Requirement
Find how many lines in this data contain the string "comment". Respond with only that number.

Dataset
(* Let $(H,+,\circ)$ be a commutative multiplicative hyperring with identity and let $P$ be a strong $\mathcal{C}$-hyperideal of $H$. Then: (i) if $K\subseteq H$ is a multiplicative hyperring (under the restricted operations) and $P$ is an sdf-absorbing hyperideal of $H$, then $P\cap K$ is an sdf-absorbing hyperideal of $K$; (ii) if $Q$ is a hyperideal of $H$ with $Q\subseteq P$ and $P$ is an sdf-absorbing hyperideal of $H$, then $P/Q$ is an sdf-absorbing hyperideal of $H/Q$; (iii) if $Q$ is a hyperideal of $H$ with $Q\subsetneq P$, then $P$ is an sdf-absorbing hyperideal of $H$ if and only if $P/Q$ is an sdf-absorbing hyperideal of $H/Q$.
   Context: A commutative multiplicative hyperring $(H,+,\circ)$ consists of an abelian group $(H,+)$ and an associative, commutative hyperoperation $\circ: H\times H\to P^*(H)$ with $x\circ(y+z)\subseteq x\circ y+x\circ z$ and $x\circ(-y)=-(x\circ y)=(-x)\circ y$. For subsets $A,B$, $A\circ B=\bigcup_{a\in A,b\in B}a\circ b$, $A\pm B=\{a\pm b\}$; $x^2=x\circ x$. Identity: $x\in x\circ 1$ for all $x$. A hyperideal is a nonempty $P$ with $x-y\in P$ and $r\circ x\subseteq P$ for $x,y\in P$, $r\in H$. For a hyperideal $Q$, $H/Q=\{x+Q\}$ with coset addition and $(x+Q)*(y+Q)=\{z+Q: z\in x\circ y\}$, and $P/Q=\{x+Q: x\in P\}$. Let $\mathcal{C}=\{c_1\circ\cdots\circ c_n: c_i\in H\}$ and $\mathfrak{C}=\{\sum_{i=1}^m C_i: C_i\in\mathcal{C}\}$; $P$ is a strong $\mathcal{C}$-hyperideal if for every $D\in\mathfrak{C}$, $D\cap P\neq\varnothing$ implies $D\subseteq P$. A proper hyperideal $P$ is sdf-absorbing if whenever $0\neq x,y$ and $x^2-y^2\subseteq P$, then $x-y\in P$ or $x+y\in P$. *)

theory Defs
  imports Main
begin

record 'a mhr =
  carrier :: "'a set"
  add :: "'a \<Rightarrow> 'a \<Rightarrow> 'a"
  zero :: 'a
  neg :: "'a \<Rightarrow> 'a"
  hmul :: "'a \<Rightarrow> 'a \<Rightarrow> 'a set"

definition sub :: "('a, 'b) mhr_scheme \<Rightarrow> 'a \<Rightarrow> 'a \<Rightarrow> 'a" where
  "sub R x y = add R x (neg R y)"

definition set_add :: "('a, 'b) mhr_scheme \<Rightarrow> 'a set \<Rightarrow> 'a set \<Rightarrow> 'a set" where
  "set_add R A B = {add R a b | a b. a \<in> A \<and> b \<in> B}"

definition set_sub :: "('a, 'b) mhr_scheme \<Rightarrow> 'a set \<Rightarrow> 'a set \<Rightarrow> 'a set" where
  "set_sub R A B = {sub R a b | a b. a \<in> A \<and> b \<in> B}"

definition set_mul :: "('a, 'b) mhr_scheme \<Rightarrow> 'a set \<Rightarrow> 'a set \<Rightarrow> 'a set" where
  "set_mul R A B = (\<Union>a\<in>A. \<Union>b\<in>B. hmul R a b)"

definition comm_mult_hyperring :: "('a, 'b) mhr_scheme \<Rightarrow> bool" where
  "comm_mult_hyperring R \<longleftrightarrow>
     \<comment> \<open>(carrier, add) is an abelian group\<close>
     (\<forall>x\<in>carrier R. \<forall>y\<in>carrier R. add R x y \<in> carrier R) \<and>
     (\<forall>x\<in>carrier R. \<forall>y\<in>carrier R. \<forall>z\<in>carrier R. add R (add R x y) z = add R x (add R y z)) \<and>
     (\<forall>x\<in>carrier R. \<forall>y\<in>carrier R. add R x y = add R y x) \<and>
     zero R \<in> carrier R \<and>
     (\<forall>x\<in>carrier R. add R x (zero R) = x) \<and>
     (\<forall>x\<in>carrier R. neg R x \<in> carrier R \<and> add R x (neg R x) = zero R) \<and>
     \<comment> \<open>hyperoperation into nonempty subsets of the carrier\<close>
     (\<forall>x\<in>carrier R. \<forall>y\<in>carrier R. hmul R x y \<subseteq> carrier R \<and> hmul R x y \<noteq> {}) \<and>
     \<comment> \<open>associativity and commutativity\<close>
     (\<forall>x\<in>carrier R. \<forall>y\<in>carrier R. \<forall>z\<in>carrier R.
        set_mul R (hmul R x y) {z} = set_mul R {x} (hmul R y z)) \<and>
     (\<forall>x\<in>carrier R. \<forall>y\<in>carrier R. hmul R x y = hmul R y x) \<and>
     \<comment> \<open>distributivity (inclusion)\<close>
     (\<forall>x\<in>carrier R. \<forall>y\<in>carrier R. \<forall>z\<in>carrier R.
        hmul R x (add R y z) \<subseteq> set_add R (hmul R x y) (hmul R x z)) \<and>
     \<comment> \<open>sign rules\<close>
     (\<forall>x\<in>carrier R. \<forall>y\<in>carrier R.
        hmul R x (neg R y) = neg R ` (hmul R x y) \<and> hmul R (neg R x) y = neg R ` (hmul R x y))"

definition has_identity :: "('a, 'b) mhr_scheme \<Rightarrow> bool" where
  "has_identity R \<longleftrightarrow> (\<exists>e\<in>carrier R. \<forall>x\<in>carrier R. x \<in> hmul R x e)"

definition hyperideal :: "('a, 'b) mhr_scheme \<Rightarrow> 'a set \<Rightarrow> bool" where
  "hyperideal R P \<longleftrightarrow> P \<subseteq> carrier R \<and> P \<noteq> {} \<and>
     (\<forall>x\<in>P. \<forall>y\<in>P. sub R x y \<in> P) \<and>
     (\<forall>r\<in>carrier R. \<forall>x\<in>P. hmul R r x \<subseteq> P)"

text \<open>Iterated hyperproducts c1 o ... o cn (n >= 1) and finite sums of such sets.\<close>

fun set_prod_list :: "('a, 'b) mhr_scheme \<Rightarrow> 'a set \<Rightarrow> 'a list \<Rightarrow> 'a set" where
  "set_prod_list R A [] = A"
| "set_prod_list R A (d # ds) = set_prod_list R (set_mul R A {d}) ds"

fun set_sum_list :: "('a, 'b) mhr_scheme \<Rightarrow> 'a set \<Rightarrow> 'a set list \<Rightarrow> 'a set" where
  "set_sum_list R A [] = A"
| "set_sum_list R A (B # Bs) = set_sum_list R (set_add R A B) Bs"

definition prod_sets :: "('a, 'b) mhr_scheme \<Rightarrow> 'a set set" where
  "prod_sets R = {set_prod_list R {c} cs | c cs. c \<in> carrier R \<and> set cs \<subseteq> carrier R}"

definition sum_prod_sets :: "('a, 'b) mhr_scheme \<Rightarrow> 'a set set" where
  "sum_prod_sets R = {set_sum_list R C Cs | C Cs. C \<in> prod_sets R \<and> set Cs \<subseteq> prod_sets R}"

definition strong_C_hyperideal :: "('a, 'b) mhr_scheme \<Rightarrow> 'a set \<Rightarrow> bool" where
  "strong_C_hyperideal R P \<longleftrightarrow> hyperideal R P \<and>
     (\<forall>D\<in>sum_prod_sets R. D \<inter> P \<noteq> {} \<longrightarrow> D \<subseteq> P)"

definition sdf_absorbing :: "('a, 'b) mhr_scheme \<Rightarrow> 'a set \<Rightarrow> bool" where
  "sdf_absorbing R P \<longleftrightarrow> hyperideal R P \<and> P \<noteq> carrier R \<and>
     (\<forall>x\<in>carrier R. \<forall>y\<in>carrier R. x \<noteq> zero R \<longrightarrow> y \<noteq> zero R \<longrightarrow>
        set_sub R (hmul R x x) (hmul R y y) \<subseteq> P \<longrightarrow>
        sub R x y \<in> P \<or> add R x y \<in> P)"

definition coset :: "('a, 'b) mhr_scheme \<Rightarrow> 'a set \<Rightarrow> 'a \<Rightarrow> 'a set" where
  "coset R Q x = {add R x q | q. q \<in> Q}"

definition quot_set :: "('a, 'b) mhr_scheme \<Rightarrow> 'a set \<Rightarrow> 'a set \<Rightarrow> 'a set set" where
  "quot_set R Q P = coset R Q ` P"

text \<open>(x+Q) * (y+Q) = {z + Q | z in x o y}; taken over all representatives, which
  gives the same set for a hyperideal Q.\<close>

definition quot :: "('a, 'b) mhr_scheme \<Rightarrow> 'a set \<Rightarrow> 'a set mhr" where
  "quot R Q = \<lparr> carrier = quot_set R Q (carrier R),
               add = (\<lambda>A B. set_add R A B),
               zero = Q,
               neg = (\<lambda>A. neg R ` A),
               hmul = (\<lambda>A B. coset R Q ` (\<Union>a\<in>A. \<Union>b\<in>B. hmul R a b)) \<rparr>"

end

theory Submission
  imports Defs
begin

text \<open>Everything rests on the product of cosets: (x + Q) \<circ> (y + Q) = {u + Q | u \<in> x \<circ> y},
  because (x + q) \<circ> (y + q') \<subseteq> x \<circ> y + Q by distributivity. Hence the sdf condition for
  x + Q, y + Q in H/Q is literally the one for x, y in H, and x + Q is zero exactly when x \<in> Q;
  this gives (ii) and the case x, y \<notin> Q of (iii). If instead x \<in> Q \<subseteq> P, then x \<circ> x \<subseteq> P and
  the hypothesis forces y \<circ> y \<subseteq> P. Here strictness of Q \<subset> P enters: for p \<in> P - Q and
  z \<circ> z \<subseteq> P, applying the sdf property of P/Q to z + p and p yields z \<in> P. Part (i) is a
  restriction of the definition.\<close>

lemma sdf_absorbingD:
  "sdf_absorbing R P \<Longrightarrow> x \<in> carrier R \<Longrightarrow> y \<in> carrier R \<Longrightarrow> x \<noteq> zero R \<Longrightarrow> y \<noteq> zero R \<Longrightarrow>
    set_sub R (hmul R x x) (hmul R y y) \<subseteq> P \<Longrightarrow> sub R x y \<in> P \<or> add R x y \<in> P"
  unfolding sdf_absorbing_def by blast

locale mult_hyperring =
  fixes R :: "('a, 'b) mhr_scheme"
  assumes comm_mult_hyperring: "comm_mult_hyperring R"
begin

lemma add_closed [simp]: "x \<in> carrier R \<Longrightarrow> y \<in> carrier R \<Longrightarrow> add R x y \<in> carrier R"
  using comm_mult_hyperring unfolding comm_mult_hyperring_def by meson

lemma add_assoc:
  "x \<in> carrier R \<Longrightarrow> y \<in> carrier R \<Longrightarrow> z \<in> carrier R \<Longrightarrow>
    add R (add R x y) z = add R x (add R y z)"
  using comm_mult_hyperring unfolding comm_mult_hyperring_def by meson

lemma add_comm: "x \<in> carrier R \<Longrightarrow> y \<in> carrier R \<Longrightarrow> add R x y = add R y x"
  using comm_mult_hyperring unfolding comm_mult_hyperring_def by meson

lemma zero_closed [simp]: "zero R \<in> carrier R"
  using comm_mult_hyperring unfolding comm_mult_hyperring_def by meson

lemma add_zero_right [simp]: "x \<in> carrier R \<Longrightarrow> add R x (zero R) = x"
  using comm_mult_hyperring unfolding comm_mult_hyperring_def by meson

lemma neg_closed [simp]: "x \<in> carrier R \<Longrightarrow> neg R x \<in> carrier R"
  using comm_mult_hyperring unfolding comm_mult_hyperring_def by meson

lemma add_neg_right [simp]: "x \<in> carrier R \<Longrightarrow> add R x (neg R x) = zero R"
  using comm_mult_hyperring unfolding comm_mult_hyperring_def by meson

lemma hmul_closed: "x \<in> carrier R \<Longrightarrow> y \<in> carrier R \<Longrightarrow> hmul R x y \<subseteq> carrier R"
  using comm_mult_hyperring unfolding comm_mult_hyperring_def by meson

lemma hmul_nonempty: "x \<in> carrier R \<Longrightarrow> y \<in> carrier R \<Longrightarrow> hmul R x y \<noteq> {}"
  using comm_mult_hyperring unfolding comm_mult_hyperring_def by meson

lemma hmul_comm: "x \<in> carrier R \<Longrightarrow> y \<in> carrier R \<Longrightarrow> hmul R x y = hmul R y x"
  using comm_mult_hyperring unfolding comm_mult_hyperring_def by meson

lemma hmul_add_subset:
  "x \<in> carrier R \<Longrightarrow> y \<in> carrier R \<Longrightarrow> z \<in> carrier R \<Longrightarrow>
    hmul R x (add R y z) \<subseteq> set_add R (hmul R x y) (hmul R x z)"
  using comm_mult_hyperring unfolding comm_mult_hyperring_def by meson

lemma add_zero_left [simp]: "x \<in> carrier R \<Longrightarrow> add R (zero R) x = x"
  by (simp add: add_comm)

lemma add_neg_left [simp]: "x \<in> carrier R \<Longrightarrow> add R (neg R x) x = zero R"
  by (simp add: add_comm)

lemma add_left_commute:
  "x \<in> carrier R \<Longrightarrow> y \<in> carrier R \<Longrightarrow> z \<in> carrier R \<Longrightarrow>
    add R x (add R y z) = add R y (add R x z)"
  by (metis add_assoc add_comm)

lemma neg_add_cancel_left [simp]:
  "x \<in> carrier R \<Longrightarrow> y \<in> carrier R \<Longrightarrow> add R (neg R x) (add R x y) = y"
  by (simp flip: add_assoc)

lemma add_left_cancel:
  "a \<in> carrier R \<Longrightarrow> x \<in> carrier R \<Longrightarrow> y \<in> carrier R \<Longrightarrow> add R a x = add R a y \<longleftrightarrow> x = y"
  by (metis neg_add_cancel_left)

lemma neg_neg [simp]: "x \<in> carrier R \<Longrightarrow> neg R (neg R x) = x"
  by (metis add_left_cancel add_neg_left add_neg_right neg_closed)

lemma neg_add: "x \<in> carrier R \<Longrightarrow> y \<in> carrier R \<Longrightarrow>
    neg R (add R x y) = add R (neg R x) (neg R y)"
proof -
  assume x: "x \<in> carrier R" and y: "y \<in> carrier R"
  have "add R (add R x y) (add R (neg R x) (neg R y)) = zero R"
    using x y by (simp add: add_assoc add_left_commute[of y])
  then show ?thesis
    using x y add_left_cancel[of "add R x y" "neg R (add R x y)" "add R (neg R x) (neg R y)"]
    by simp
qed

lemma neg_zero [simp]: "neg R (zero R) = zero R"
proof -
  have "neg R (zero R) = add R (zero R) (neg R (zero R))"
    by (simp only: add_zero_left neg_closed zero_closed)
  also have "\<dots> = zero R" by (rule add_neg_right[OF zero_closed])
  finally show ?thesis .
qed

lemma sub_closed [simp]: "x \<in> carrier R \<Longrightarrow> y \<in> carrier R \<Longrightarrow> sub R x y \<in> carrier R"
  by (simp add: sub_def)

lemma sub_add_cancel [simp]: "x \<in> carrier R \<Longrightarrow> y \<in> carrier R \<Longrightarrow> add R (sub R x y) y = x"
  by (simp add: sub_def add_assoc)

lemma add_sub_cancel [simp]: "x \<in> carrier R \<Longrightarrow> y \<in> carrier R \<Longrightarrow> sub R (add R x y) y = x"
  by (simp add: sub_def add_assoc)

lemma neg_sub: "x \<in> carrier R \<Longrightarrow> y \<in> carrier R \<Longrightarrow> neg R (sub R x y) = sub R y x"
  by (simp add: sub_def neg_add add_comm)

lemma hyperideal_carrier: "hyperideal R I \<Longrightarrow> x \<in> I \<Longrightarrow> x \<in> carrier R"
  unfolding hyperideal_def by blast

lemma hyperideal_sub_closed: "hyperideal R I \<Longrightarrow> x \<in> I \<Longrightarrow> y \<in> I \<Longrightarrow> sub R x y \<in> I"
  unfolding hyperideal_def by blast

lemma hyperideal_hmul_closed:
  "hyperideal R I \<Longrightarrow> r \<in> carrier R \<Longrightarrow> x \<in> I \<Longrightarrow> hmul R r x \<subseteq> I"
  unfolding hyperideal_def by blast

lemma hyperideal_zero: assumes I: "hyperideal R I" shows "zero R \<in> I"
proof -
  obtain x where x: "x \<in> I" using I unfolding hyperideal_def by blast
  show ?thesis
    using hyperideal_sub_closed[OF I x x] by (simp add: sub_def hyperideal_carrier[OF I x])
qed

lemma hyperideal_neg: assumes I: "hyperideal R I" and x: "x \<in> I" shows "neg R x \<in> I"
  using hyperideal_sub_closed[OF I hyperideal_zero[OF I] x]
  by (simp add: sub_def hyperideal_carrier[OF I x])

Answer for the task
5